**BRIEF**. Beginning at the line that contains "(- \<beta> * g\<^sub>0", write out every line down to the end of the records, with both ends kept and nothing added.

Records from a collection
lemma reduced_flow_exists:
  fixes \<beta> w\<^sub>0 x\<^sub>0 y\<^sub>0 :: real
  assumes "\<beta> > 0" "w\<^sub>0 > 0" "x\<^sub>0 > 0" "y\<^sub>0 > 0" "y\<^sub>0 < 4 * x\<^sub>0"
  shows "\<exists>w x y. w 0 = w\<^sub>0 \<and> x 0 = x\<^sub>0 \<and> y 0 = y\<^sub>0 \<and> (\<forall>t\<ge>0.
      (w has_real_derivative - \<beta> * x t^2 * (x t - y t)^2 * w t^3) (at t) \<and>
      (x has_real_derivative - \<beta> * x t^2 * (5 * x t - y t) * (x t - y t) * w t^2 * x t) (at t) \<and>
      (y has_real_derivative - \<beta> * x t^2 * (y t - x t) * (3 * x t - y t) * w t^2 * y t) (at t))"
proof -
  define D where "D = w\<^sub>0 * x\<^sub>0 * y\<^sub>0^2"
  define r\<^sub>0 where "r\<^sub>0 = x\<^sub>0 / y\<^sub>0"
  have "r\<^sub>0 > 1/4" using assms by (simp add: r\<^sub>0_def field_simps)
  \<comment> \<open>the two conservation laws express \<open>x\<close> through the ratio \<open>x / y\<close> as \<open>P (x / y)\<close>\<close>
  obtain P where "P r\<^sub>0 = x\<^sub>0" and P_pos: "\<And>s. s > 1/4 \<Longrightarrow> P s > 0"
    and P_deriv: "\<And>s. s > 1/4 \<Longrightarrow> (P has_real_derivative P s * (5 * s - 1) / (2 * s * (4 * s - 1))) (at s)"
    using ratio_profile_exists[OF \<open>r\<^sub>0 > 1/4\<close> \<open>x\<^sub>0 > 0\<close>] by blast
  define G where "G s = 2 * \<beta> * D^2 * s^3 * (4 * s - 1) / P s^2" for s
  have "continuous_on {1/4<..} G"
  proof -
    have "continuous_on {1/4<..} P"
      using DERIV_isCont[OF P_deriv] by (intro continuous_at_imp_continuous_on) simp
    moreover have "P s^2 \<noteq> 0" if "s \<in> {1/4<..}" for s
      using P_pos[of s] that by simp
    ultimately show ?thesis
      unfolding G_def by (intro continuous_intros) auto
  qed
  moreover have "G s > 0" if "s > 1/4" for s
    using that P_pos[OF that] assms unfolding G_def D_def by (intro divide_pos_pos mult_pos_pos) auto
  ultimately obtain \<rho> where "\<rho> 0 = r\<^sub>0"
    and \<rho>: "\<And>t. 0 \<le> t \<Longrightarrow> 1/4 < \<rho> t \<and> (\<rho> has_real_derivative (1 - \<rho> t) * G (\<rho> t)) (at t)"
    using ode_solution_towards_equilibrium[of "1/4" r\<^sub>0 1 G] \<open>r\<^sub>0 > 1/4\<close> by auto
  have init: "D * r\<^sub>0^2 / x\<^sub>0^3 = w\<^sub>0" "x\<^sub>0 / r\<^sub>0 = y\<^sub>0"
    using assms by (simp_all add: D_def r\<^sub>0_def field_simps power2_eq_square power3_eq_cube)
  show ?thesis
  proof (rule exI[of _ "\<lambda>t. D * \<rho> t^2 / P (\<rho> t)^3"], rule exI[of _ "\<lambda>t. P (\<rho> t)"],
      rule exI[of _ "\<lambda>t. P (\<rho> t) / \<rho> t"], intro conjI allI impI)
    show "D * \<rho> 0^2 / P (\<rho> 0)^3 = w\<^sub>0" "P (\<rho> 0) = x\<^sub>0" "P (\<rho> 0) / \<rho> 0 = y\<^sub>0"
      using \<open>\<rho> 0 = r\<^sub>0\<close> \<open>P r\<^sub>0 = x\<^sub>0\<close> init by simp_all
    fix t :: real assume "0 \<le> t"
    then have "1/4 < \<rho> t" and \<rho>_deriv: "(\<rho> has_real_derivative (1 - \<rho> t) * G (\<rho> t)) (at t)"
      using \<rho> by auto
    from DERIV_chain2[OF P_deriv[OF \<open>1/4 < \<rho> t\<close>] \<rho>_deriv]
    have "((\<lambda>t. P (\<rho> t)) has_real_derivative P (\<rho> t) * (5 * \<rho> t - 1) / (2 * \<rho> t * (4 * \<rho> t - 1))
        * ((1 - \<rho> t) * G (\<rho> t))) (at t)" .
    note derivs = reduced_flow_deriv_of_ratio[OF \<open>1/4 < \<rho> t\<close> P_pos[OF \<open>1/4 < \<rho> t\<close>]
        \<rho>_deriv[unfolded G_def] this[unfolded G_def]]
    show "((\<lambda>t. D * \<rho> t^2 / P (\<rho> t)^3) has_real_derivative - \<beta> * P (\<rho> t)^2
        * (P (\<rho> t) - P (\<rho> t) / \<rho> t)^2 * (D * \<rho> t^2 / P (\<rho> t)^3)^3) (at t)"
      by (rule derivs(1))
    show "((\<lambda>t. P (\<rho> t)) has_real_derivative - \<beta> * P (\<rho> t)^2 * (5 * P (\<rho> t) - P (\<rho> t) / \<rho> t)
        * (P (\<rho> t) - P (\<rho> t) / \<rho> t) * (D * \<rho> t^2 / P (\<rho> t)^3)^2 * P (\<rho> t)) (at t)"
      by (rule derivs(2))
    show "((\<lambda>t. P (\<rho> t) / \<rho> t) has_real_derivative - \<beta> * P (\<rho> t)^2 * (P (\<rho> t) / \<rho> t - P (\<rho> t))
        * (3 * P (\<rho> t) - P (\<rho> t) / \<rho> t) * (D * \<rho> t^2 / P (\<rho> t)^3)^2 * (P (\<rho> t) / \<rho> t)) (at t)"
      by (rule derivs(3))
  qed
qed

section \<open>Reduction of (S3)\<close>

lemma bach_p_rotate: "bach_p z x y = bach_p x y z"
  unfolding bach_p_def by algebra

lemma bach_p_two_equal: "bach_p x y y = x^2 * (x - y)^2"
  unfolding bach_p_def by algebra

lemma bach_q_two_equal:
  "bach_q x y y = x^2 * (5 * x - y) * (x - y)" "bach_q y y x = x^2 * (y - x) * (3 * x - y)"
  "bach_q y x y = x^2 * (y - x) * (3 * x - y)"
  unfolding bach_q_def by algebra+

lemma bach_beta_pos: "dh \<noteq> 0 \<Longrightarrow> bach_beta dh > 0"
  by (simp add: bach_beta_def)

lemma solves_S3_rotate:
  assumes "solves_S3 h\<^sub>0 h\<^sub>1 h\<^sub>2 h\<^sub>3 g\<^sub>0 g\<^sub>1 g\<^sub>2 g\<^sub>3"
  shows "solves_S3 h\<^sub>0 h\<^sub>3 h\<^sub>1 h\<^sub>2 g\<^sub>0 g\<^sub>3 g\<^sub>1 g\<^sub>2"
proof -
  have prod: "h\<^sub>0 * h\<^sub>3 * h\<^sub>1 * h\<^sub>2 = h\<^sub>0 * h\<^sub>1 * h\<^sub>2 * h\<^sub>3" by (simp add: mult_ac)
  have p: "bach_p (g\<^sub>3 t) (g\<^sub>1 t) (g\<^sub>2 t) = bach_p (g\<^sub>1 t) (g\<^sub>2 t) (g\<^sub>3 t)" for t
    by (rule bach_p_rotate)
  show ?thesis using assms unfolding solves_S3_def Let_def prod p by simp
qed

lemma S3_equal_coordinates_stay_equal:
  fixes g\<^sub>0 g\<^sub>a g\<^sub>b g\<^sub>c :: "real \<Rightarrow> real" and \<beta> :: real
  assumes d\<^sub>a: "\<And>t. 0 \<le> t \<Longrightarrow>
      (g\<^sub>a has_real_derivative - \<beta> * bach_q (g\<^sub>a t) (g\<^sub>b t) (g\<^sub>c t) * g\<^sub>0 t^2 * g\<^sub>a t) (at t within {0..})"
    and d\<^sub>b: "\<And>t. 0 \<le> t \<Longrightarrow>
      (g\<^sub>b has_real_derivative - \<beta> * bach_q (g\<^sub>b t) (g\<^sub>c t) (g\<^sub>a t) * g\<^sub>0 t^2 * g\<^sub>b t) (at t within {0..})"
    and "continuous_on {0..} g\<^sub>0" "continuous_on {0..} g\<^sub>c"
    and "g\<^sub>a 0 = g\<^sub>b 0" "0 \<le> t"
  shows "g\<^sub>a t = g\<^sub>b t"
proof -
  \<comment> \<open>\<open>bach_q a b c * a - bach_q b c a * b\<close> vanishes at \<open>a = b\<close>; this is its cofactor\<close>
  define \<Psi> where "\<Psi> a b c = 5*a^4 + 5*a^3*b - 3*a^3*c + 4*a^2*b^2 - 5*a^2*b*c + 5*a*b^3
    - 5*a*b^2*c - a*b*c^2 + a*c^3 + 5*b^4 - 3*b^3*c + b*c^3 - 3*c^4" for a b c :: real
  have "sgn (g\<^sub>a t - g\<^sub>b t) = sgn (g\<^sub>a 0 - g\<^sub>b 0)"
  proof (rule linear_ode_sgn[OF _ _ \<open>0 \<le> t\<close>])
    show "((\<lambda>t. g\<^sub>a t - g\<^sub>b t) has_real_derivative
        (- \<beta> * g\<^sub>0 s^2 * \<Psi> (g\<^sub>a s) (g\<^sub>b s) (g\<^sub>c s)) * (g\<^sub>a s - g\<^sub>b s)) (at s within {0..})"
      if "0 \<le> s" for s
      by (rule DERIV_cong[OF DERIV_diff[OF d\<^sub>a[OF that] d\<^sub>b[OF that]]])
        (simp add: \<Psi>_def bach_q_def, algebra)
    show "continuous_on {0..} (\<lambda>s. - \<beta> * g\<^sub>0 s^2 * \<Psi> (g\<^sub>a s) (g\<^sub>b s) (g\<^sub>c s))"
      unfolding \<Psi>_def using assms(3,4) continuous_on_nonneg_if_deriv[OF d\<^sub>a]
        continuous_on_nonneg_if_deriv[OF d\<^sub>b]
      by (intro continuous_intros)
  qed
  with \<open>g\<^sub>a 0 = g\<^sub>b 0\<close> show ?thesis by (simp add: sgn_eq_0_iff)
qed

**PROBLEM SOLUTION**.
        (- \<beta> * g\<^sub>0 s^2 * \<Psi> (g\<^sub>a s) (g\<^sub>b s) (g\<^sub>c s)) * (g\<^sub>a s - g\<^sub>b s)) (at s within {0..})"
      if "0 \<le> s" for s
      by (rule DERIV_cong[OF DERIV_diff[OF d\<^sub>a[OF that] d\<^sub>b[OF that]]])
        (simp add: \<Psi>_def bach_q_def, algebra)
    show "continuous_on {0..} (\<lambda>s. - \<beta> * g\<^sub>0 s^2 * \<Psi> (g\<^sub>a s) (g\<^sub>b s) (g\<^sub>c s))"
      unfolding \<Psi>_def using assms(3,4) continuous_on_nonneg_if_deriv[OF d\<^sub>a]
        continuous_on_nonneg_if_deriv[OF d\<^sub>b]
      by (intro continuous_intros)
  qed
  with \<open>g\<^sub>a 0 = g\<^sub>b 0\<close> show ?thesis by (simp add: sgn_eq_0_iff)
qed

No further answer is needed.